Crossroads 2018 has an exciting line up

Lawrence Grossberg

Lawrence Grossberg is the Morris Davis Distinguished Professor of Communication and Cultural studies at the University of North Carolina at Chapel Hill (since 1994), and he has held additional appointments in American Studies, Anthropology and Geography. He studied at the Centre for Contemporary Cultural Studies (Birmingham, England) and completed his Ph.D. at the University of Illinois in 1976. He has been honored for his scholarship, teaching and mentorship by the International Communication Association, the (U.S.) National Communication Association and the University of North Carolina. He has been the editor of the journal Cultural Studies from 1990 through 2018.

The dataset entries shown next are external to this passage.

lemma sl2_diagonalizable:
  fixes C :: "complex^2^2"
  assumes "det C = 1" "trace C \<noteq> 2" "trace C \<noteq> -2"
  obtains P P' x y where "P' ** P = mat 1" "P ** P' = mat 1" "P' ** C ** P = mk2 x 0 0 y" "x \<noteq> y"
proof -
  define a where "a = (trace C + csqrt (trace C ^ 2 - 4)) / 2"
  define a' where "a' = trace C - a"
  have "a * a' = (trace C ^ 2 - csqrt (trace C ^ 2 - 4) ^ 2) / 4"
    by (simp add: a_def a'_def field_simps power2_eq_square)
  then have aa': "a * a' = det C"
    using assms(1) by (simp add: power2_csqrt)
  have "a \<noteq> a'"
  proof
    assume "a = a'"
    then have "a * a = 1"
      using aa' assms(1) by simp
    moreover have "trace C = 2 * a"
      using \<open>a = a'\<close> by (simp add: a'_def)
    ultimately show False
      using assms(2,3) by (auto simp: square_eq_1_iff)
  qed
  moreover have "a + a' = trace C"
    by (simp add: a'_def)
  then obtain P where P: "det P \<noteq> 0" "C ** P = P ** mk2 a 0 0 a'"
    using exists_eigenbasis[OF \<open>a \<noteq> a'\<close> _ aa'] by blast
  moreover obtain P' where P': "P ** P' = mat 1" "P' ** P = mat 1"
    using P(1) invertible_det_nz unfolding invertible_def by blast
  moreover have "P' ** C ** P = mk2 a 0 0 a'"
    using P(2) P'(2) by (metis matrix_mul_assoc matrix_mul_lid)
  ultimately show thesis
    using that by blast
qed

lemma commutes_with_diag:
  fixes Y :: "complex^2^2"
  assumes "Y ** mk2 x 0 0 y = mk2 x 0 0 y ** Y" "x \<noteq> y"
  shows "Y = mk2 (Y$1$1) 0 0 (Y$2$2)"
proof -
  obtain e f g h where Y: "Y = mk2 e f g h"
    by (rule mk2_cases)
  have "f * (y - x) = 0" "g * (x - y) = 0"
    using assms(1) Y by (simp_all add: algebra_simps)
  then show ?thesis
    using assms(2) Y by simp
qed

lemma left_inverse_diag:
  fixes Y :: "'a::field^2^2"
  assumes "mk2 l 0 0 (inverse l) ** Y = mat 1" "l \<noteq> 0"
  shows "Y = mk2 (inverse l) 0 0 l"
proof -
  have "Y = (mk2 (inverse l) 0 0 l ** mk2 l 0 0 (inverse l)) ** Y"
    using assms(2) by (simp add: mat_1_eq_mk2[symmetric])
  also have "\<dots> = mk2 (inverse l) 0 0 l"
    using assms(1) by (simp only: matrix_mul_assoc[symmetric]) simp
  finally show ?thesis .
qed

lemma conj_matrix_inv_diag:
  fixes X P P' :: "complex^2^2"
  assumes inv: "P' ** P = mat 1" "P ** P' = mat 1" and det: "det X = 1"
    and diag: "P' ** X ** P = mk2 l 0 0 (inverse l)" "l \<noteq> 0"
  shows "P' ** matrix_inv X ** P = mk2 (inverse l) 0 0 l"
proof (rule left_inverse_diag)
  show "mk2 l 0 0 (inverse l) ** (P' ** matrix_inv X ** P) = mat 1"
    using conj_mult[OF inv(2), where X = X and Z = "adj2 X"] diag(1) mult_adj2_det_1(1)[OF det] inv(1)
    by (simp add: matrix_inv_det_1[OF det])
qed (rule diag(2))

lemma conj_commuting_diag:
  fixes X C P P' :: "complex^2^2"
  assumes inv: "P' ** P = mat 1" "P ** P' = mat 1"
    and diag: "P' ** C ** P = mk2 x 0 0 y" "x \<noteq> y"
    and commute: "X ** C = C ** X" and det: "det X = 1"
  shows "P' ** X ** P = mk2 ((P' ** X ** P)$1$1) 0 0 (inverse ((P' ** X ** P)$1$1))
    \<and> (P' ** X ** P)$1$1 \<noteq> 0"
proof -
  let ?Y = "P' ** X ** P"
  have "?Y ** mk2 x 0 0 y = mk2 x 0 0 y ** ?Y"
    using conj_mult[OF inv(2), where X = X and Z = C] conj_mult[OF inv(2), where X = C and Z = X]
      diag(1) commute by simp
  then have Y: "?Y = mk2 (?Y$1$1) 0 0 (?Y$2$2)"
    using commutes_with_diag[OF _ diag(2)] by blast
  have "det ?Y = 1"
    using det_conj[OF inv(1)] det by simp
  then have "?Y$1$1 * ?Y$2$2 = 1"
    by (subst (asm) Y) simp
  then have "inverse (?Y$1$1) = ?Y$2$2" and "?Y$1$1 \<noteq> 0"
    by (auto intro: inverse_unique)
  with Y show ?thesis
    by simp
qed

lemma abelian_rep_diagonal:
  assumes rep: "is_rep R rho" and abelian: "abelian_image rho"
    and trace_c1: "trace (rho Gc1) \<noteq> 2" "trace (rho Gc1) \<noteq> -2"
  obtains lam where "\<And>g. lam g \<noteq> 0" "\<And>w. trace (weval rho w) = diag_trace lam w"
    "\<And>w. weval rho w = mat 1 \<Longrightarrow> mchar lam w = 1"
proof -
  have det: "det (rho g) = 1" for g
    using rep by (simp add: is_rep_def SL2_def)
  obtain P P' x y where inv: "P' ** P = mat 1" "P ** P' = mat 1"
    and diag_c1: "P' ** rho Gc1 ** P = mk2 x 0 0 y" "x \<noteq> y"
    using sl2_diagonalizable[OF det trace_c1] .
  define lam where "lam g = (P' ** rho g ** P)$1$1" for g
  have "rho g ** rho Gc1 = rho Gc1 ** rho g" for g
    using abelian[unfolded abelian_image_def, rule_format, of "[(g, False)]" "[(Gc1, False)]"] by simp
  then have gen: "P' ** rho g ** P = mk2 (lam g) 0 0 (inverse (lam g))" "lam g \<noteq> 0" for g
    using conj_commuting_diag[OF inv diag_c1] det unfolding lam_def by blast+
  have gen_inv: "P' ** matrix_inv (rho g) ** P = mk2 (inverse (lam g)) 0 0 (lam g)" for g
    using conj_matrix_inv_diag[OF inv det gen] .
  have weval_diag: "P' ** weval rho w ** P = mk2 (mchar lam w) 0 0 (inverse (mchar lam w))" for w
  proof (induction w)
    case Nil
    show ?case using inv by (simp add: mat_1_eq_mk2[symmetric])
  next
    case (Cons l w)
    then show ?case
      using conj_mult[OF inv(2), where Z = "weval rho w"] gen(1)[of "fst l"] gen_inv[of "fst l"]
      by (simp add: mult.commute)
  qed
  show thesis
  proof (rule that)
    show "lam g \<noteq> 0" for g
      by (rule gen(2))
    show "trace (weval rho w) = diag_trace lam w" for w
      using trace_conj[OF inv(2), of "weval rho w"] weval_diag by (simp add: diag_trace_def)
    show "mchar lam w = 1" if "weval rho w = mat 1" for w
    proof -
      have "mk2 (mchar lam w) 0 0 (inverse (mchar lam w)) = mat 1"
        using weval_diag[of w] that inv(1) by simp
      then show ?thesis
        by (simp add: mat_1_eq_mk2)
    qed
  qed
qed
text \<open>Cut H into the finitely many pieces on which the translation is constant.\<close>
lemma mean_piecewise_translate:
  assumes K: "finite K" "K \<subseteq> H"
    and f: "inj_on f H" "\<forall>x\<in>H. f x \<in> K <#> {x}"
  shows "\<mu> (f ` H) = \<mu> H"
proof -
  have "\<forall>x\<in>H. \<exists>c. c \<in> K \<and> f x = c \<otimes> x" using f(2) unfolding set_mult_def by blast
  from bchoice[OF this] obtain k where k: "\<And>x. x \<in> H \<Longrightarrow> k x \<in> K \<and> f x = k x \<otimes> x"
    by blast
  define piece where "piece c = {x\<in>H. k x = c}" for c
  have pieces_H: "piece c \<subseteq> H" for c unfolding piece_def by blast
  have H_eq: "H = (\<Union>c\<in>K. piece c)" unfolding piece_def using k by blast
  have pieces_disjoint: "\<forall>i\<in>K. \<forall>j\<in>K. i \<noteq> j \<longrightarrow> piece i \<inter> piece j = {}"
    unfolding piece_def by blast
  have f_piece: "f ` piece c = (\<lambda>x. c \<otimes> x) ` piece c" for c
    unfolding piece_def using k by (auto simp: image_def)
  have f_piece_H: "f ` piece c \<subseteq> H" if "c \<in> K" for c
    using that K(2) pieces_H subgroup.m_closed[OF subgroup_H] unfolding f_piece by blast
  have "f ` H = (\<Union>c\<in>K. f ` piece c)" by (subst H_eq) (rule image_UN)
  moreover have "\<forall>i\<in>K. \<forall>j\<in>K. i \<noteq> j \<longrightarrow> f ` piece i \<inter> f ` piece j = {}"
  proof (intro ballI impI)
    fix i j assume "i \<in> K" "j \<in> K" "i \<noteq> j"
    then have "piece i \<inter> piece j = {}" using pieces_disjoint by blast
    then show "f ` piece i \<inter> f ` piece j = {}"
      by (simp add: inj_on_image_Int[OF f(1) pieces_H pieces_H, symmetric])
  qed
  ultimately have "\<mu> (f ` H) = (\<Sum>c\<in>K. \<mu> (f ` piece c))"
    using mean_UN_disjoint[OF K(1)] f_piece_H by simp
  also have "\<dots> = (\<Sum>c\<in>K. \<mu> (piece c))"
    using K(2) pieces_H mean_translate by (intro sum.cong) (auto simp: f_piece)
  also have "\<dots> = \<mu> (\<Union>c\<in>K. piece c)"
    using mean_UN_disjoint[OF K(1)] pieces_H pieces_disjoint by simp
  finally show ?thesis using H_eq by simp
qed
(* There is a constant $c$ such that for every $n\in\mathbb{N}_{\ge1}$ there exists a language $L_n$ recognized by a deterministic weak Muller automaton $\mathfrak{A}_n$ with Emerson–Lei acceptance condition, of size at most $c\cdot n$, such that Player $O$ wins $\Gamma_f(L_n)$ for some constant delay function $f$, but Player $I$ wins $\Gamma_g(L_n)$ for every delay function $g$ with $\sum_{i=0}^{n-1}g(i)\le 2^{2^n}$.
   Context: An $\omega$-automaton $\mathfrak{A}=(Q,\Sigma,q_I,\Delta,\mathrm{Acc})$ has finite state set $Q$, alphabet $\Sigma$, initial state $q_I$, transitions $\Delta\subseteq Q\times\Sigma\times Q$, accepting runs $\mathrm{Acc}\subseteq\Delta^\omega$; $L(\mathfrak{A})$ is the set of words processed by an initial accepting run. Deterministic means $\Delta$ is a total function $Q\times\Sigma\to Q$. A weak Muller automaton has $\mathcal{F}\subseteq 2^Q$ and accepts runs whose set of visited states lies in $\mathcal{F}$. Emerson–Lei representation: $\mathcal{F}$ is given by a Boolean formula $\varphi$ over variables $Q$, $\mathcal{F}$ being the sets $F\subseteq Q$ such that the assignment making exactly the elements of $F$ true satisfies $\varphi$; the size of the automaton is $|Q|+|\varphi|$ ($|\varphi|$ the length of $\varphi$). A delay function is $f:\mathbb{N}\to\mathbb{N}_{\ge1}$; it is constant if $f(i)=1$ for all $i>0$. In the delay game $\Gamma_f(L)$, $L\subseteq(\Sigma_I\times\Sigma_O)^\omega$, in round $i=0,1,\dots$ Player $I$ picks $u_i\in\Sigma_I^{f(i)}$ and then Player $O$ picks $v_i\in\Sigma_O$; $O$ wins the play iff $\binom{u_0u_1\cdots}{v_0v_1\cdots}\in L$. Strategies: $\tau_I:\Sigma_O^*\to\Sigma_I^*$ with $|\tau_I(w)|=f(|w|)$, $\tau_O:\Sigma_I^+\to\Sigma_O$; a player wins the game if she/he has a strategy winning all consistent plays. *)

theory Defs
  imports Main
begin

datatype bformula = BTrue | BFalse | BVar nat | BNot bformula
  | BAnd bformula bformula | BOr bformula bformula

fun beval :: "(nat \<Rightarrow> bool) \<Rightarrow> bformula \<Rightarrow> bool" where
  "beval a BTrue = True"
| "beval a BFalse = False"
| "beval a (BVar q) = a q"
| "beval a (BNot p) = (\<not> beval a p)"
| "beval a (BAnd p r) = (beval a p \<and> beval a r)"
| "beval a (BOr p r) = (beval a p \<or> beval a r)"

fun blen :: "bformula \<Rightarrow> nat" where
  "blen BTrue = 1"
| "blen BFalse = 1"
| "blen (BVar q) = 1"
| "blen (BNot p) = 1 + blen p"
| "blen (BAnd p r) = 1 + blen p + blen r"
| "blen (BOr p r) = 1 + blen p + blen r"

fun bvars :: "bformula \<Rightarrow> nat set" where
  "bvars BTrue = {}"
| "bvars BFalse = {}"
| "bvars (BVar q) = {q}"
| "bvars (BNot p) = bvars p"
| "bvars (BAnd p r) = bvars p \<union> bvars r"
| "bvars (BOr p r) = bvars p \<union> bvars r"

His work has focused on the specificity of cultural studies, developments in contemporary theory, and the relation of the popular (as affect) to the changing political culture of the U.S. He has researched: U.S. popular music, youth culture and politics; the changing conditions of children in the U.S.; value theory: multiple modernities; the state of progressive oppositional struggles and the nature of countercultures; and the rise of new configurations/alliances of conservatism and capitalism (including the New Right and recent populist conservatisms). He has written ten books and edited another eleven, published over 200 essays and dozens of interviews. His recent books include Cultural Studies In the Future Tense, We All Want to Change the World (available free online), Under the Cover of Chaos, and (co-edited) Stuart Hall, Cultural Studies 1983. His work has been translated into eighteen languages and he has lectured all over the world.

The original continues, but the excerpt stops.